section \<open>The lower bound for the identity multiplier\<close>

definition grid_character :: "nat \<Rightarrow> nat \<Rightarrow> nat \<Rightarrow> (nat \<Rightarrow> nat) \<Rightarrow> complex" where
  "grid_character m n t \<alpha> =
     (if \<alpha> \<in> multi_idx m n then cnj (cis (2 * pi * t * radix_code (Suc m) n \<alpha> / Suc m ^ n)) else 0)"

lemma sum_dual_grid_characters_le:
  assumes \<phi>: "\<phi> \<in> dual_ball m n"
  shows "(\<Sum>t<Suc m ^ n. (cmod (\<phi> (grid_character m n t)))\<^sup>2)
    \<le> real (Suc m ^ n) * real (card (multi_idx m n))"
proof -
  let ?L = "multi_idx m n" and ?K = "Suc m ^ n"
  define a where "a \<beta> = \<phi> (monomial_coeffs \<beta>)" for \<beta>
  have "cmod (\<phi> (grid_character m n t))
      = cmod (\<Sum>\<beta>\<in>?L. cnj (a \<beta>) * cis (2 * pi * t * radix_code (Suc m) n \<beta> / ?K))" for t
  proof -
    have "\<phi> (grid_character m n t) = cnj (\<Sum>\<beta>\<in>?L. cnj (a \<beta>) * cis (2 * pi * t * radix_code (Suc m) n \<beta> / ?K))"
      unfolding grid_character_def[abs_def] dual_ball_apply[OF \<phi>] a_def[symmetric]
      by (simp add: cnj_sum mult.commute)
    then show ?thesis
      by (simp only: complex_mod_cnj)
  qed
  then have "(\<Sum>t<?K. (cmod (\<phi> (grid_character m n t)))\<^sup>2)
      = (\<Sum>t<?K. (cmod (\<Sum>\<beta>\<in>?L. cnj (a \<beta>) * cis (2 * pi * t * radix_code (Suc m) n \<beta> / ?K)))\<^sup>2)"
    by (simp only:)
  also have "\<dots> = real ?K * (\<Sum>\<beta>\<in>?L. (cmod (cnj (a \<beta>)))\<^sup>2)"
    by (rule parseval_roots_of_unity[OF finite_multi_idx inj_on_radix_code_multi_idx
          radix_code_multi_idx_less])
  also have "\<dots> \<le> real ?K * real (card ?L)"
    using dual_ball_coeffs_l2_le[OF \<phi>] by (simp add: a_def)
  finally show ?thesis .
qed

lemma weak_l2_grid_characters_le:
  "weak_l2 m n (map (grid_character m n) [0..<Suc m ^ n])
    \<le> sqrt (real (Suc m ^ n) * real (card (multi_idx m n)))"
proof (rule weak_l2_le)
  fix \<phi> assume "\<phi> \<in> dual_ball m n"
  then show "(\<Sum>x\<leftarrow>map (grid_character m n) [0..<Suc m ^ n]. (cmod (\<phi> x))\<^sup>2)
      \<le> real (Suc m ^ n) * real (card (multi_idx m n))"
    unfolding map_map o_def interv_sum_list_conv_sum_set_nat set_upt atLeast0LessThan
    by (rule sum_dual_grid_characters_le)
qed

lemma lp_norm_grid_character:
  "lp_norm p (multi_idx m n) (mult_op (\<lambda>_. 1) (grid_character m n t)) = real (card (multi_idx m n)) powr (1 / p)"
  unfolding lp_norm_def by (simp add: mult_op_def grid_character_def)

lemma pi2_bound_mult_op_one_ge:
  assumes "m \<ge> 1" and C: "pi2_bound m n (mult_op (\<lambda>_. 1)) (lp_norm (2 * real m / (real m + 1)) (multi_idx m n)) C"
  shows "real (card (multi_idx m n)) powr (1 / (2 * real m)) \<le> C"
proof -
  let ?p = "2 * real m / (real m + 1)" and ?K = "Suc m ^ n"
  define N where "N = real (card (multi_idx m n))"
  define xs where "xs = map (grid_character m n) [0..<?K]"
  have N: "N > 0"
    unfolding N_def using multi_idx_nonempty finite_multi_idx by (simp add: card_gt_0_iff)
  have "set xs \<subseteq> polys m n"
    by (auto simp: xs_def polys_def grid_character_def)
  then have "sqrt (\<Sum>x\<leftarrow>xs. (lp_norm ?p (multi_idx m n) (mult_op (\<lambda>_. 1) x))\<^sup>2) \<le> C * weak_l2 m n xs"
    using C by (simp add: pi2_bound_def)
  also have "\<dots> \<le> C * sqrt (real ?K * N)"
    using C unfolding xs_def N_def pi2_bound_def by (intro mult_left_mono weak_l2_grid_characters_le) simp
  finally have "sqrt (real ?K) * N powr (1 / ?p) \<le> sqrt (real ?K) * (C * sqrt N)"
    by (simp add: xs_def N_def lp_norm_grid_character interv_sum_list_conv_sum_set_nat
        real_sqrt_mult mult_ac)
  moreover have "1 / ?p = 1 / (2 * real m) + 1 / 2"
    using assms(1) by (simp add: field_simps)
  ultimately have "N powr (1 / (2 * real m)) * sqrt N \<le> C * sqrt N"
    using N by (simp add: powr_add powr_half_sqrt)
  then show ?thesis
    using N unfolding N_def by simp
qed

theorem lemma5p6:
  fixes m n :: nat
  assumes "m \<ge> 1" and "n \<ge> 1"
  shows "(\<forall>\<xi>::(nat \<Rightarrow> nat) \<Rightarrow> complex.
            pi2 m n (mult_op \<xi>) (lp_norm (2 * real m / (real m + 1)) (multi_idx m n))
              \<le> real (card (multi_idx m n)) powr (1 / (2 * real m)) * linf_norm (multi_idx m n) \<xi>)
       \<and> sqrt (1 + (real n - 1) / real m)
            \<le> pi2 m n (mult_op (\<lambda>_. 1)) (lp_norm (2 * real m / (real m + 1)) (multi_idx m n))
       \<and> pi2 m n (mult_op (\<lambda>_. 1)) (lp_norm (2 * real m / (real m + 1)) (multi_idx m n))
            = real (card (multi_idx m n)) powr (1 / (2 * real m))
       \<and> real (card (multi_idx m n)) powr (1 / (2 * real m))
            \<le> 2 * sqrt (2 * exp 1) * sqrt (1 + (real n - 1) / real m)"
proof -
  let ?M1 = "pi2 m n (mult_op (\<lambda>_. 1)) (lp_norm (2 * real m / (real m + 1)) (multi_idx m n))"
    and ?A = "real (card (multi_idx m n)) powr (1 / (2 * real m))"
    and ?x = "1 + (real n - 1) / real m"
  have upper: "pi2 m n (mult_op \<xi>) (lp_norm (2 * real m / (real m + 1)) (multi_idx m n))
      \<le> ?A * linf_norm (multi_idx m n) \<xi>" for \<xi>
    by (rule pi2_le[OF pi2_bound_mult_op[OF assms(1)]])
  have "?M1 = ?A"
  proof (rule antisym)
    show "?M1 \<le> ?A"
      using upper[of "\<lambda>_. 1"] by (simp add: linf_norm_const_one multi_idx_nonempty)
    show "?A \<le> ?M1"
      by (rule pi2_ge[OF pi2_bound_mult_op[OF assms(1)] pi2_bound_mult_op_one_ge[OF assms(1)]])
  qed
  moreover have "sqrt ?x \<le> ?A"
    using sqrt_le_binomial_root[OF assms] by (simp add: card_multi_idx)
  moreover have "?A \<le> 2 * sqrt (2 * exp 1) * sqrt ?x"
  proof -
    have "?A \<le> sqrt (2 * exp 1) * sqrt ?x"
      using binomial_root_le[OF assms] by (simp add: card_multi_idx)
    also have "\<dots> \<le> 2 * sqrt (2 * exp 1) * sqrt ?x"
      using assms by simp
    finally show ?thesis .
  qed
  ultimately show ?thesis
    using upper by simp
qed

(TASK GOAL)
Output the records in full. Keep every character as it is.

(SOLUTION TO THIS EXERCISE)
section \<open>The lower bound for the identity multiplier\<close>

definition grid_character :: "nat \<Rightarrow> nat \<Rightarrow> nat \<Rightarrow> (nat \<Rightarrow> nat) \<Rightarrow> complex" where
  "grid_character m n t \<alpha> =
     (if \<alpha> \<in> multi_idx m n then cnj (cis (2 * pi * t * radix_code (Suc m) n \<alpha> / Suc m ^ n)) else 0)"

lemma sum_dual_grid_characters_le:
  assumes \<phi>: "\<phi> \<in> dual_ball m n"
  shows "(\<Sum>t<Suc m ^ n. (cmod (\<phi> (grid_character m n t)))\<^sup>2)
    \<le> real (Suc m ^ n) * real (card (multi_idx m n))"
proof -
  let ?L = "multi_idx m n" and ?K = "Suc m ^ n"
  define a where "a \<beta> = \<phi> (monomial_coeffs \<beta>)" for \<beta>
  have "cmod (\<phi> (grid_character m n t))
      = cmod (\<Sum>\<beta>\<in>?L. cnj (a \<beta>) * cis (2 * pi * t * radix_code (Suc m) n \<beta> / ?K))" for t
  proof -
    have "\<phi> (grid_character m n t) = cnj (\<Sum>\<beta>\<in>?L. cnj (a \<beta>) * cis (2 * pi * t * radix_code (Suc m) n \<beta> / ?K))"
      unfolding grid_character_def[abs_def] dual_ball_apply[OF \<phi>] a_def[symmetric]
      by (simp add: cnj_sum mult.commute)
    then show ?thesis
      by (simp only: complex_mod_cnj)
  qed
  then have "(\<Sum>t<?K. (cmod (\<phi> (grid_character m n t)))\<^sup>2)
      = (\<Sum>t<?K. (cmod (\<Sum>\<beta>\<in>?L. cnj (a \<beta>) * cis (2 * pi * t * radix_code (Suc m) n \<beta> / ?K)))\<^sup>2)"
    by (simp only:)
  also have "\<dots> = real ?K * (\<Sum>\<beta>\<in>?L. (cmod (cnj (a \<beta>)))\<^sup>2)"
    by (rule parseval_roots_of_unity[OF finite_multi_idx inj_on_radix_code_multi_idx
          radix_code_multi_idx_less])
  also have "\<dots> \<le> real ?K * real (card ?L)"
    using dual_ball_coeffs_l2_le[OF \<phi>] by (simp add: a_def)
  finally show ?thesis .
qed

lemma weak_l2_grid_characters_le:
  "weak_l2 m n (map (grid_character m n) [0..<Suc m ^ n])
    \<le> sqrt (real (Suc m ^ n) * real (card (multi_idx m n)))"
proof (rule weak_l2_le)
  fix \<phi> assume "\<phi> \<in> dual_ball m n"
  then show "(\<Sum>x\<leftarrow>map (grid_character m n) [0..<Suc m ^ n]. (cmod (\<phi> x))\<^sup>2)
      \<le> real (Suc m ^ n) * real (card (multi_idx m n))"
    unfolding map_map o_def interv_sum_list_conv_sum_set_nat set_upt atLeast0LessThan
    by (rule sum_dual_grid_characters_le)
qed

lemma lp_norm_grid_character:
  "lp_norm p (multi_idx m n) (mult_op (\<lambda>_. 1) (grid_character m n t)) = real (card (multi_idx m n)) powr (1 / p)"
  unfolding lp_norm_def by (simp add: mult_op_def grid_character_def)

lemma pi2_bound_mult_op_one_ge:
  assumes "m \<ge> 1" and C: "pi2_bound m n (mult_op (\<lambda>_. 1)) (lp_norm (2 * real m / (real m + 1)) (multi_idx m n)) C"
  shows "real (card (multi_idx m n)) powr (1 / (2 * real m)) \<le> C"
proof -
  let ?p = "2 * real m / (real m + 1)" and ?K = "Suc m ^ n"
  define N where "N = real (card (multi_idx m n))"
  define xs where "xs = map (grid_character m n) [0..<?K]"
  have N: "N > 0"
    unfolding N_def using multi_idx_nonempty finite_multi_idx by (simp add: card_gt_0_iff)
  have "set xs \<subseteq> polys m n"
    by (auto simp: xs_def polys_def grid_character_def)
  then have "sqrt (\<Sum>x\<leftarrow>xs. (lp_norm ?p (multi_idx m n) (mult_op (\<lambda>_. 1) x))\<^sup>2) \<le> C * weak_l2 m n xs"
    using C by (simp add: pi2_bound_def)
  also have "\<dots> \<le> C * sqrt (real ?K * N)"
    using C unfolding xs_def N_def pi2_bound_def by (intro mult_left_mono weak_l2_grid_characters_le) simp
  finally have "sqrt (real ?K) * N powr (1 / ?p) \<le> sqrt (real ?K) * (C * sqrt N)"
    by (simp add: xs_def N_def lp_norm_grid_character interv_sum_list_conv_sum_set_nat
        real_sqrt_mult mult_ac)
  moreover have "1 / ?p = 1 / (2 * real m) + 1 / 2"
    using assms(1) by (simp add: field_simps)
  ultimately have "N powr (1 / (2 * real m)) * sqrt N \<le> C * sqrt N"
    using N by (simp add: powr_add powr_half_sqrt)
  then show ?thesis
    using N unfolding N_def by simp
qed

theorem lemma5p6:
  fixes m n :: nat
  assumes "m \<ge> 1" and "n \<ge> 1"
  shows "(\<forall>\<xi>::(nat \<Rightarrow> nat) \<Rightarrow> complex.
            pi2 m n (mult_op \<xi>) (lp_norm (2 * real m / (real m + 1)) (multi_idx m n))
              \<le> real (card (multi_idx m n)) powr (1 / (2 * real m)) * linf_norm (multi_idx m n) \<xi>)
       \<and> sqrt (1 + (real n - 1) / real m)
            \<le> pi2 m n (mult_op (\<lambda>_. 1)) (lp_norm (2 * real m / (real m + 1)) (multi_idx m n))
       \<and> pi2 m n (mult_op (\<lambda>_. 1)) (lp_norm (2 * real m / (real m + 1)) (multi_idx m n))
            = real (card (multi_idx m n)) powr (1 / (2 * real m))
       \<and> real (card (multi_idx m n)) powr (1 / (2 * real m))
            \<le> 2 * sqrt (2 * exp 1) * sqrt (1 + (real n - 1) / real m)"
proof -
  let ?M1 = "pi2 m n (mult_op (\<lambda>_. 1)) (lp_norm (2 * real m / (real m + 1)) (multi_idx m n))"
    and ?A = "real (card (multi_idx m n)) powr (1 / (2 * real m))"
    and ?x = "1 + (real n - 1) / real m"
  have upper: "pi2 m n (mult_op \<xi>) (lp_norm (2 * real m / (real m + 1)) (multi_idx m n))
      \<le> ?A * linf_norm (multi_idx m n) \<xi>" for \<xi>
    by (rule pi2_le[OF pi2_bound_mult_op[OF assms(1)]])
  have "?M1 = ?A"
  proof (rule antisym)
    show "?M1 \<le> ?A"
      using upper[of "\<lambda>_. 1"] by (simp add: linf_norm_const_one multi_idx_nonempty)
    show "?A \<le> ?M1"
      by (rule pi2_ge[OF pi2_bound_mult_op[OF assms(1)] pi2_bound_mult_op_one_ge[OF assms(1)]])
  qed
  moreover have "sqrt ?x \<le> ?A"
    using sqrt_le_binomial_root[OF assms] by (simp add: card_multi_idx)
  moreover have "?A \<le> 2 * sqrt (2 * exp 1) * sqrt ?x"
  proof -
    have "?A \<le> sqrt (2 * exp 1) * sqrt ?x"
      using binomial_root_le[OF assms] by (simp add: card_multi_idx)
    also have "\<dots> \<le> 2 * sqrt (2 * exp 1) * sqrt ?x"
      using assms by simp
    finally show ?thesis .
  qed
  ultimately show ?thesis
    using upper by simp
qed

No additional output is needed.